The bloody eruption of ISIS (the Islamic State in Iraq and Syria, more recently self-proclaimed as the Islamic State) into the headlines over the past year epitomizes a disturbing trend in news coverage and commentary years in the making. News outlets use the word “execution” to describe what obviously are murders. In the process they erase in language, thought, law and morality a conceptual pillar of civilization.
Among innumerable examples:
The Washington Post informed readers that “a group calling itself the Palestinian Resistance announced on Hamas-affiliated Web sites that 11 alleged collaborators — nine men and two women — were executed by firing squad Friday morning in the courtyard of an abandoned police headquarters” (“Gaza militants execute 18 alleged collaborators”, Aug. 22, 2014).
They ought to know better
In a Post commentary, two men who should know better, Robert H. Scales (Maj. Gen., U.S. Army, Ret. and former commandant of the Army War College), and Douglas Ollivant (fellow at the New American Foundations’ Future of War project), wrote “they [Islamist fighters] employ mortars and rockets in deadly barrages. To be sure, parts of the old terrorist playbook remain: They butcher and execute prisoners to make unambiguously clear the terrible consequences of resistance. They continue to display an eager willingness for death and the media savvy of the ‘propaganda of the deed’ (“Today’s Islamist fighters aren’t like the disorganized enemy of the old”, Aug. 3, 2014).

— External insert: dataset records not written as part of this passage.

lemma renyi_div_displaced_thermal_finite_imp_less:
  fixes r s :: "'n::finite \<Rightarrow> real" and u1 u2 :: "'n \<Rightarrow> complex"
  assumes r: "\<forall>j. 0 < r j" and s: "\<forall>j. 0 < s j" and "\<alpha> > 1"
    and D_finite: "renyi_div \<alpha> (thermal_eig r) (displaced_basis u1) (thermal_eig s) (displaced_basis u2) < \<infinity>"
  shows "(\<alpha> - 1) * s j < \<alpha> * r j"
proof (rule ccontr)
  assume "\<not> (\<alpha> - 1) * s j < \<alpha> * r j"
  then have le: "\<alpha> * r j \<le> (\<alpha> - 1) * s j"
    by simp
  define f where "f = (\<lambda>(i, j). thermal_eig r i powr \<alpha> * thermal_eig s j powr (1 - \<alpha>)
                    * (cmod (ip (displaced_basis u1 i) (displaced_basis u2 j)))\<^sup>2)"
  define g where "g = (\<lambda>(a, b). ((\<lambda>_. 0::nat)(j := a), (\<lambda>_. 0::nat)(j := b)))"
  define U where "U = {(a::nat, b::nat). a \<le> b}"
  define W where "W = weyl_matrix (u2 j - u1 j)"
  obtain C where "C > 0" and C: "\<And>a b. f (g (a, b)) = C * exp (- \<alpha> * real a * r j + (\<alpha> - 1) * real b * s j) * (cmod (W a b))\<^sup>2"
    using displaced_thermal_summand_single_mode[OF r s, of j \<alpha> u1 u2] unfolding f_def g_def W_def by auto
  have "inj_on g U"
    by (auto simp: inj_on_def g_def fun_eq_iff split: if_splits)
  moreover have "f summable_on g ` U"
    using renyi_div_displaced_thermal_finite_imp_summable[OF s D_finite, folded f_def]
    by (rule summable_on_subset_banach) simp
  ultimately have fg_summable: "(f \<circ> g) summable_on U"
    by (subst (asm) summable_on_reindex)
  have lower: "C * (cmod (W a b))\<^sup>2 \<le> (f \<circ> g) (a, b)" if "(a, b) \<in> U" for a b
  proof -
    have "\<alpha> * real a * r j \<le> (\<alpha> - 1) * real a * s j"
      using mult_left_mono[OF le, of "real a"] by (simp add: algebra_simps)
    also have "\<dots> \<le> (\<alpha> - 1) * real b * s j"
      using that \<open>\<alpha> > 1\<close> s unfolding U_def by (intro mult_right_mono mult_left_mono) (auto simp: less_imp_le)
    finally have "1 \<le> exp (- \<alpha> * real a * r j + (\<alpha> - 1) * real b * s j)"
      by simp
    then have "C * (cmod (W a b))\<^sup>2 * 1 \<le> C * (cmod (W a b))\<^sup>2 * exp (- \<alpha> * real a * r j + (\<alpha> - 1) * real b * s j)"
      using \<open>C > 0\<close> by (intro mult_left_mono) auto
    then show ?thesis
      by (simp add: C algebra_simps)
  qed
  have "(\<lambda>(a, b). C * (cmod (W a b))\<^sup>2) summable_on U"
    by (rule summable_on_comparison_test[OF fg_summable]) (use lower \<open>C > 0\<close> in auto)
  then have "(\<lambda>(a, b). (cmod (W a b))\<^sup>2) summable_on U"
    using summable_on_cmult_right'[of C "\<lambda>(a, b). (cmod (W a b))\<^sup>2" U] \<open>C > 0\<close>
    by (simp add: case_prod_unfold)
  then show False
    using weyl_matrix_upper_not_summable unfolding U_def W_def by blast
qed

News services long have prided themselves on being keepers of journalistic standards. But Reuters, the world’s biggest wire service, told clients that “[t]he United Nations on Monday condemned ‘appalling, widespread’ crimes by Islamic State forces in Iraq, including mass executions of prisoners that could amount to war crimes (“U.N. accuses Islamic State of mass killing”, Aug. 25, 2014).
A USA Today cutline said “[j]ournalist James Foley was shown being executed [all emphases added] in a video last week” (“Foley killer an ex-London rapper, British officials say”, Aug. 26, 2014).
Rem Rieder, USA Today’s media columnist and former editor of American Journalism Review certainly ought to know better. Yet the lead to his column “Why do reporters risk their lives? They often say, ‘If we don’t do it, who will?’” (USA Today, Sept. 4, 2014, read “It’s hideousness of almost unimaginable dimensions. Twice in two weeks, journalists guilty of nothing more than doing their jobs have been executed, beheaded on video by terrorists.”
The distinction is fundamental
But “execute” means, as any authoritative dictionary notes, “to put to death especially in compliance with a legal sentence”.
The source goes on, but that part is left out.